Several ratings rank Obama lower

In the first debate of the 2008 general election, John McCain accused Barack Obama of being too liberal.

"Senator Obama has the most liberal voting record in the United States Senate," McCain said. "It's hard to reach across the aisle from that far to the left."

Republican candidates often brand their Democratic opponents as liberals to portray them as lefties who favor big government and high taxes. Linguists who study political rhetoric say Republicans have been so effective at giving the word a negative connotation that many Democrats won't call themselves liberals. They prefer "progressives."

Still, many political scientists and journalists use the term to represent the Democratic extreme of the political spectrum, and National Journal, a nonpartisan political magazine, uses a liberal-conservative scale for its annual rating of congressional votes.

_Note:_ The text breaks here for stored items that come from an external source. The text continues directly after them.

(* Let $\mathfrak g$ be a finite-dimensional Lie algebra over a field $\mathbb K$ of characteristic zero, $\mathfrak h\subset\mathfrak g$ an ideal, and $f$ a polynomial function on $\mathfrak g^*$ such that $f(x+l)=f(x)$ for all $x\in\mathfrak g^*$ and all $l\in\mathrm{St}(\pi(x))^\perp$. Then $f\in\operatorname{Ann}(\mathfrak h)$.
   Context: $\pi:\mathfrak g^*\to\mathfrak h^*$ is restriction. For $h\in\mathfrak h^*$, $\mathrm{St}(h)=\{\xi\in\mathfrak g\mid\langle h,[\xi,\eta]\rangle=0\ \forall\eta\in\mathfrak h\}$, and $\mathrm{St}(h)^\perp=\{l\in\mathfrak g^*\mid\langle l,\xi\rangle=0\ \forall\xi\in\mathrm{St}(h)\}$. $S(\mathfrak g)$ is the polynomial algebra on $\mathfrak g^*$ with Lie–Poisson bracket $\{f,g\}(x)=\langle x,[df(x),dg(x)]\rangle$, and $\operatorname{Ann}(\mathfrak h)=\{f\in S(\mathfrak g)\mid\{f,\eta\}=0\ \forall\eta\in\mathfrak h\}$. *)

theory Defs
  imports "HOL-Computational_Algebra.Polynomial"
begin

text \<open>The dual g* is identified with
  'n \<Rightarrow> 'a via the pairing below (dual basis).\<close>

definition pair :: "('n::finite \<Rightarrow> 'a::field) \<Rightarrow> ('n \<Rightarrow> 'a) \<Rightarrow> 'a" where
  "pair x \<xi> = (\<Sum>i\<in>UNIV. x i * \<xi> i)"

definition lie_algebra :: "(('n::finite \<Rightarrow> 'a::field) \<Rightarrow> ('n \<Rightarrow> 'a) \<Rightarrow> ('n \<Rightarrow> 'a)) \<Rightarrow> bool" where
  "lie_algebra br \<longleftrightarrow>
     (\<forall>a \<xi> \<eta> \<zeta>. br (\<lambda>i. a * \<xi> i + \<eta> i) \<zeta> = (\<lambda>k. a * br \<xi> \<zeta> k + br \<eta> \<zeta> k)) \<and>
     (\<forall>a \<xi> \<eta> \<zeta>. br \<zeta> (\<lambda>i. a * \<xi> i + \<eta> i) = (\<lambda>k. a * br \<zeta> \<xi> k + br \<zeta> \<eta> k)) \<and>
     (\<forall>\<xi>. br \<xi> \<xi> = (\<lambda>k. 0)) \<and>
     (\<forall>\<xi> \<eta> \<zeta>. (\<lambda>k. br \<xi> (br \<eta> \<zeta>) k + br \<eta> (br \<zeta> \<xi>) k + br \<zeta> (br \<xi> \<eta>) k) = (\<lambda>k. 0))"

definition lie_ideal :: "(('n::finite \<Rightarrow> 'a::field) \<Rightarrow> ('n \<Rightarrow> 'a) \<Rightarrow> ('n \<Rightarrow> 'a)) \<Rightarrow> ('n \<Rightarrow> 'a) set \<Rightarrow> bool" where
  "lie_ideal br h \<longleftrightarrow>
     (\<lambda>k. 0) \<in> h \<and>
     (\<forall>a \<xi> \<eta>. \<xi> \<in> h \<longrightarrow> \<eta> \<in> h \<longrightarrow> (\<lambda>i. a * \<xi> i + \<eta> i) \<in> h) \<and>
     (\<forall>\<xi> \<eta>. \<eta> \<in> h \<longrightarrow> br \<xi> \<eta> \<in> h)"

text \<open>Restriction map pi : g* \<rightarrow> h*; elements of h* are functionals on h
  (value undefined outside h).\<close>
definition restr :: "('n::finite \<Rightarrow> 'a::field) set \<Rightarrow> ('n \<Rightarrow> 'a) \<Rightarrow> (('n \<Rightarrow> 'a) \<Rightarrow> 'a)" where
  "restr h x = (\<lambda>\<zeta>. if \<zeta> \<in> h then pair x \<zeta> else undefined)"

definition St :: "(('n::finite \<Rightarrow> 'a::field) \<Rightarrow> ('n \<Rightarrow> 'a) \<Rightarrow> ('n \<Rightarrow> 'a)) \<Rightarrow> ('n \<Rightarrow> 'a) set
                   \<Rightarrow> (('n \<Rightarrow> 'a) \<Rightarrow> 'a) \<Rightarrow> ('n \<Rightarrow> 'a) set" where
  "St br h hf = {\<xi>. \<forall>\<eta>\<in>h. hf (br \<xi> \<eta>) = 0}"

definition perp :: "('n::finite \<Rightarrow> 'a::field) set \<Rightarrow> ('n \<Rightarrow> 'a) set" where
  "perp S = {l. \<forall>\<xi>\<in>S. pair l \<xi> = 0}"

inductive_set poly_fun :: "(('n::finite \<Rightarrow> 'a::field) \<Rightarrow> 'a) set" where
  const: "(\<lambda>x. c) \<in> poly_fun"
| coord: "(\<lambda>x. x i) \<in> poly_fun"
| add: "f \<in> poly_fun \<Longrightarrow> g \<in> poly_fun \<Longrightarrow> (\<lambda>x. f x + g x) \<in> poly_fun"
| mult: "f \<in> poly_fun \<Longrightarrow> g \<in> poly_fun \<Longrightarrow> (\<lambda>x. f x * g x) \<in> poly_fun"

text \<open>Directional derivative of a polynomial function: the linear coefficient
  of the (unique, as K is infinite) univariate polynomial t \<mapsto> f(x + t v).\<close>
definition dir_deriv :: "(('n::finite \<Rightarrow> 'a::field_char_0) \<Rightarrow> 'a) \<Rightarrow> ('n \<Rightarrow> 'a) \<Rightarrow> ('n \<Rightarrow> 'a) \<Rightarrow> 'a" where
  "dir_deriv f x v = coeff (THE p. \<forall>t. poly p t = f (\<lambda>i. x i + t * v i)) 1"

text \<open>Differential df(x) \<in> g = (g*)*, in coordinates.\<close>
definition differential :: "(('n::finite \<Rightarrow> 'a::field_char_0) \<Rightarrow> 'a) \<Rightarrow> ('n \<Rightarrow> 'a) \<Rightarrow> ('n \<Rightarrow> 'a)" where
  "differential f x = (\<lambda>i. dir_deriv f x (\<lambda>j. if j = i then 1 else 0))"

definition poisson :: "(('n::finite \<Rightarrow> 'a::field_char_0) \<Rightarrow> ('n \<Rightarrow> 'a) \<Rightarrow> ('n \<Rightarrow> 'a))
     \<Rightarrow> (('n \<Rightarrow> 'a) \<Rightarrow> 'a) \<Rightarrow> (('n \<Rightarrow> 'a) \<Rightarrow> 'a) \<Rightarrow> ('n \<Rightarrow> 'a) \<Rightarrow> 'a" where
  "poisson br f g x = pair x (br (differential f x) (differential g x))"

text \<open>Ann(h): polynomial functions Poisson-commuting with every \<eta> \<in> h
  (\<eta> viewed as the linear function x \<mapsto> <x,\<eta>> on g*).\<close>
definition Ann :: "(('n::finite \<Rightarrow> 'a::field_char_0) \<Rightarrow> ('n \<Rightarrow> 'a) \<Rightarrow> ('n \<Rightarrow> 'a))
     \<Rightarrow> ('n \<Rightarrow> 'a) set \<Rightarrow> (('n \<Rightarrow> 'a) \<Rightarrow> 'a) set" where
  "Ann br h = {f \<in> poly_fun. \<forall>\<eta>\<in>h. \<forall>x. poisson br f (\<lambda>y. pair y \<eta>) x = 0}"

end

theory Submission
  imports Defs
begin

text \<open>For \<eta> \<in> h, the functional \<xi> \<mapsto> <x,[\<xi>,\<eta>]> vanishes on St(\<pi>(x)), because [\<xi>,\<eta>] lies in
  the ideal h; hence it lies in the annihilator of St(\<pi>(x)). The invariance of f along this direction
  forces the derivative of f at x in that direction, which is <x,[df(x),\<eta>]> = {f,\<eta>}(x),
  to vanish.\<close>

definition unit_vec :: "'n \<Rightarrow> 'n \<Rightarrow> 'a::zero_neq_one" where
  "unit_vec i = (\<lambda>k. if k = i then 1 else 0)"

definition ad_dual :: "(('n::finite \<Rightarrow> 'a::field) \<Rightarrow> ('n \<Rightarrow> 'a) \<Rightarrow> ('n \<Rightarrow> 'a))
     \<Rightarrow> ('n \<Rightarrow> 'a) \<Rightarrow> ('n \<Rightarrow> 'a) \<Rightarrow> ('n \<Rightarrow> 'a)" where
  "ad_dual br x \<eta> = (\<lambda>i. pair x (br (unit_vec i) \<eta>))"

lemma pair_unit_vec: "pair v (unit_vec i) = v i"
  by (simp add: pair_def unit_vec_def if_distrib cong: if_cong)

lemma pair_commute: "pair v w = pair w v"
  by (simp add: pair_def mult.commute)

lemma pair_scale_left: "pair (\<lambda>i. t * v i) w = t * pair v w"
  by (simp add: pair_def sum_distrib_left mult.assoc)

lemma sum_unit_vec: "(\<lambda>k. \<Sum>i\<in>UNIV. \<xi> i * unit_vec i k) = (\<xi> :: 'n::finite \<Rightarrow> 'a::field)"
  by (simp add: unit_vec_def if_distrib cong: if_cong)

lemma perp_scale: "v \<in> perp S \<Longrightarrow> (\<lambda>i. t * v i) \<in> perp S"
  by (simp add: perp_def pair_scale_left)

lemma lie_bracket_linear_left:
  assumes "lie_algebra br"
  shows "br (\<lambda>i. a * \<xi> i + \<eta> i) \<zeta> = (\<lambda>k. a * br \<xi> \<zeta> k + br \<eta> \<zeta> k)"
  using assms unfolding lie_algebra_def by blast

lemma lie_bracket_zero_left:
  assumes "lie_algebra br"
  shows "br (\<lambda>k. 0) \<zeta> = (\<lambda>k. 0)"
proof -
  from lie_bracket_linear_left[OF assms, of 1 "\<lambda>k. 0" "\<lambda>k. 0"]
  have "br (\<lambda>k. 0) \<zeta> k = br (\<lambda>k. 0) \<zeta> k + br (\<lambda>k. 0) \<zeta> k" for k
    by (simp only: mult_1 add_0 fun_eq_iff)
  then have "br (\<lambda>k. 0) \<zeta> k = 0" for k
    by (metis add_cancel_right_right)
  then show ?thesis by (simp add: fun_eq_iff)
qed

lemma lie_bracket_sum_left:
  assumes "lie_algebra br" "finite S"
  shows "br (\<lambda>k. \<Sum>i\<in>S. c i * u i k) \<zeta> = (\<lambda>k. \<Sum>i\<in>S. c i * br (u i) \<zeta> k)"
  using assms(2)
proof induction
  case empty
  show ?case using lie_bracket_zero_left[OF assms(1)] by simp
next
  case (insert j S)
  then show ?case
    using lie_bracket_linear_left[OF assms(1), of "c j" "u j" "\<lambda>k. \<Sum>i\<in>S. c i * u i k" \<zeta>]
    by simp
qed

lemma pair_ad_dual:
  assumes "lie_algebra br"
  shows "pair (ad_dual br x \<eta>) \<xi> = pair x (br \<xi> \<eta>)"
proof -
  have "br \<xi> \<eta> = (\<lambda>k. \<Sum>i\<in>UNIV. \<xi> i * br (unit_vec i) \<eta> k)"
    using lie_bracket_sum_left[OF assms, of UNIV \<xi> unit_vec \<eta>] by (simp add: sum_unit_vec)
  then have "pair x (br \<xi> \<eta>) = (\<Sum>k\<in>UNIV. \<Sum>i\<in>UNIV. \<xi> i * (x k * br (unit_vec i) \<eta> k))"
    by (simp add: pair_def sum_distrib_left mult.left_commute)
  also have "\<dots> = (\<Sum>i\<in>UNIV. \<xi> i * pair x (br (unit_vec i) \<eta>))"
    by (subst sum.swap) (simp add: pair_def sum_distrib_left)
  finally show ?thesis
    by (simp add: ad_dual_def pair_def mult.commute)
qed

lemma ad_dual_in_perp_St:
  assumes "lie_algebra br" "lie_ideal br h" "\<eta> \<in> h"
  shows "ad_dual br x \<eta> \<in> perp (St br h (restr h x))"
  unfolding perp_def
proof (intro CollectI ballI)
  fix \<xi> assume "\<xi> \<in> St br h (restr h x)"
  then have "restr h x (br \<xi> \<eta>) = 0" using assms(3) unfolding St_def by blast
  moreover have "br \<xi> \<eta> \<in> h" using assms(2,3) unfolding lie_ideal_def by blast
  ultimately show "pair (ad_dual br x \<eta>) \<xi> = 0"
    by (simp add: restr_def pair_ad_dual[OF assms(1)])
qed

lemma the_poly_eqI:
  fixes p :: "'a::field_char_0 poly"
  assumes "\<forall>t. poly p t = F t"
  shows "(THE q. \<forall>t. poly q t = F t) = p"
proof (rule the_equality)
  fix q :: "'a poly" assume "\<forall>t. poly q t = F t"
  then show "q = p" using assms by (simp add: poly_eq_poly_eq_iff[symmetric] fun_eq_iff)
qed (fact assms)

definition is_poly_gradient :: "(('n::finite \<Rightarrow> 'a::field) \<Rightarrow> 'a) \<Rightarrow> (('n \<Rightarrow> 'a) \<Rightarrow> ('n \<Rightarrow> 'a)) \<Rightarrow> bool"
  where "is_poly_gradient f g \<longleftrightarrow>
    (\<forall>x v. \<exists>p. (\<forall>t. poly p t = f (\<lambda>i. x i + t * v i)) \<and> coeff p 1 = pair v (g x))"

lemma poly_fun_has_gradient:
  fixes f :: "('n::finite \<Rightarrow> 'a::field_char_0) \<Rightarrow> 'a"
  assumes "f \<in> poly_fun"
  shows "\<exists>g. is_poly_gradient f g"
  using assms unfolding is_poly_gradient_def
proof induction
  case (const c)
  show ?case
    by (rule exI[of _ "\<lambda>x i. 0"]) (auto intro: exI[of _ "[:c:]"] simp: pair_def)
next
  case (coord j)
  show ?case
    by (rule exI[of _ "\<lambda>x. unit_vec j"])
       (auto intro!: exI[of _ "[:x j, v j:]" for x v :: "'n \<Rightarrow> 'a"] simp: pair_unit_vec)
next
  case (add f1 f2)
  then obtain g1 g2
    where g1: "\<forall>x v. \<exists>p. (\<forall>t. poly p t = f1 (\<lambda>i. x i + t * v i)) \<and> coeff p 1 = pair v (g1 x)"
      and g2: "\<forall>x v. \<exists>p. (\<forall>t. poly p t = f2 (\<lambda>i. x i + t * v i)) \<and> coeff p 1 = pair v (g2 x)"
    by blast
  show ?case
  proof (intro exI[of _ "\<lambda>x i. g1 x i + g2 x i"] allI)
    fix x v
    from g1 g2 obtain p1 p2
      where "\<forall>t. poly p1 t = f1 (\<lambda>i. x i + t * v i)" "coeff p1 1 = pair v (g1 x)"
        and "\<forall>t. poly p2 t = f2 (\<lambda>i. x i + t * v i)" "coeff p2 1 = pair v (g2 x)"
      by meson
    then show "\<exists>p. (\<forall>t. poly p t = f1 (\<lambda>i. x i + t * v i) + f2 (\<lambda>i. x i + t * v i)) \<and>
        coeff p 1 = pair v (\<lambda>i. g1 x i + g2 x i)"
      by (intro exI[of _ "p1 + p2"]) (simp add: pair_def distrib_left sum.distrib)
  qed
next
  case (mult f1 f2)
  then obtain g1 g2
    where g1: "\<forall>x v. \<exists>p. (\<forall>t. poly p t = f1 (\<lambda>i. x i + t * v i)) \<and> coeff p 1 = pair v (g1 x)"
      and g2: "\<forall>x v. \<exists>p. (\<forall>t. poly p t = f2 (\<lambda>i. x i + t * v i)) \<and> coeff p 1 = pair v (g2 x)"
    by blast
  show ?case
  proof (intro exI[of _ "\<lambda>x i. f1 x * g2 x i + f2 x * g1 x i"] allI)
    fix x v
    from g1 g2 obtain p1 p2
      where p1: "\<forall>t. poly p1 t = f1 (\<lambda>i. x i + t * v i)" "coeff p1 1 = pair v (g1 x)"
        and p2: "\<forall>t. poly p2 t = f2 (\<lambda>i. x i + t * v i)" "coeff p2 1 = pair v (g2 x)"
      by meson
    have "coeff p1 0 = f1 x" "coeff p2 0 = f2 x"
      using p1(1)[rule_format, of 0] p2(1)[rule_format, of 0] by (simp_all add: poly_0_coeff_0)
    then have "coeff (p1 * p2) 1 = pair v (\<lambda>i. f1 x * g2 x i + f2 x * g1 x i)"
      using p1(2) p2(2)
      by (simp add: coeff_mult atMost_Suc pair_def sum_distrib_left sum.distrib algebra_simps)
    with p1(1) p2(1) show "\<exists>p. (\<forall>t. poly p t = f1 (\<lambda>i. x i + t * v i) * f2 (\<lambda>i. x i + t * v i)) \<and>
        coeff p 1 = pair v (\<lambda>i. f1 x * g2 x i + f2 x * g1 x i)"
      by (intro exI[of _ "p1 * p2"]) simp
  qed
qed

lemma dir_deriv_eq_pair_differential:
  assumes "f \<in> poly_fun"
  shows "dir_deriv f x v = pair v (differential f x)"
proof -
  obtain g where g: "is_poly_gradient f g"
    using poly_fun_has_gradient[OF assms] by blast
  have dir_deriv_g: "dir_deriv f x w = pair w (g x)" for w
  proof -
    obtain p where "\<forall>t. poly p t = f (\<lambda>i. x i + t * w i)" "coeff p 1 = pair w (g x)"
      using g unfolding is_poly_gradient_def by blast
    then show ?thesis by (simp add: dir_deriv_def the_poly_eqI)
  qed
  have "differential f x = g x"
    unfolding differential_def unit_vec_def[symmetric] dir_deriv_g
    by (simp add: fun_eq_iff pair_commute[of "unit_vec _"] pair_unit_vec)
  then show ?thesis by (simp add: dir_deriv_g)
qed

lemma dir_deriv_eq_0_if_constant_on_line:
  assumes "\<forall>t. f (\<lambda>i. x i + t * v i) = f x"
  shows "dir_deriv f x v = (0 :: 'a::field_char_0)"
proof -
  have line: "\<forall>t. poly [:f x:] t = f (\<lambda>i. x i + t * v i)" using assms by simp
  show ?thesis unfolding dir_deriv_def the_poly_eqI[OF line] by simp
qed

lemma differential_pair_right: "differential (\<lambda>y. pair y \<eta>) x = (\<eta> :: 'n::finite \<Rightarrow> 'a::field_char_0)"
proof
  fix i
  have "pair (\<lambda>j. x j + t * unit_vec i j) \<eta> = pair x \<eta> + t * pair (unit_vec i) \<eta>" for t
    by (simp add: pair_def algebra_simps sum.distrib sum_distrib_left)
  then have line: "\<forall>t. poly [:pair x \<eta>, \<eta> i:] t = pair (\<lambda>j. x j + t * unit_vec i j) \<eta>"
    by (simp add: pair_commute[of "unit_vec i"] pair_unit_vec)
  show "differential (\<lambda>y. pair y \<eta>) x i = \<eta> i"
    unfolding differential_def unit_vec_def[symmetric] dir_deriv_def the_poly_eqI[OF line] by simp
qed

theorem corollary2:
  fixes br :: "('n::finite \<Rightarrow> 'a::field_char_0) \<Rightarrow> ('n \<Rightarrow> 'a) \<Rightarrow> ('n \<Rightarrow> 'a)"
    and h :: "('n \<Rightarrow> 'a) set"
    and f :: "('n \<Rightarrow> 'a) \<Rightarrow> 'a"
  assumes "lie_algebra br"
    and "lie_ideal br h"
    and "f \<in> poly_fun"
    and "\<forall>x l. l \<in> perp (St br h (restr h x)) \<longrightarrow> f (\<lambda>i. x i + l i) = f x"
  shows "f \<in> Ann br h"
  unfolding Ann_def
proof (intro CollectI conjI ballI allI)
  fix \<eta> x assume "\<eta> \<in> h"
  then have "\<forall>t. f (\<lambda>i. x i + t * ad_dual br x \<eta> i) = f x"
    using assms(4) perp_scale ad_dual_in_perp_St[OF assms(1,2)] by blast
  then have "pair (ad_dual br x \<eta>) (differential f x) = 0"
    using dir_deriv_eq_0_if_constant_on_line dir_deriv_eq_pair_differential[OF assms(3)] by metis
  then show "poisson br f (\<lambda>y. pair y \<eta>) x = 0"
    by (simp add: poisson_def differential_pair_right pair_ad_dual[OF assms(1)])
qed (fact assms(3))

end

The magazine's editors and reporters choose key votes on major issues and those that they believe exhibit a split between liberals and conservatives and then calculate how often senators and House members vote each way. They calculate the liberal/conservative votes in three areas — economic, social issues and foreign policy — and then average them for a composite score. The annual rankings generate some publicity for the magazine, especially in election years. In 2004, the magazine said the most liberal senator was Sen. John Kerry, who became the Democratic nominee for president.

On Jan. 31, 2008, five days before the Super Tuesday primaries, National Journal published an article headlined "Obama: Most Liberal Senator in 2007." The article said Obama had missed 33 of the 99 votes that were rated but that it was enough for a calculation. The magazine said McCain was not rated because he missed more than half the votes in the economic and foreign-policy categories.

Since Obama's rating was announced, McCain and other Republicans have frequently cited it to criticize Obama.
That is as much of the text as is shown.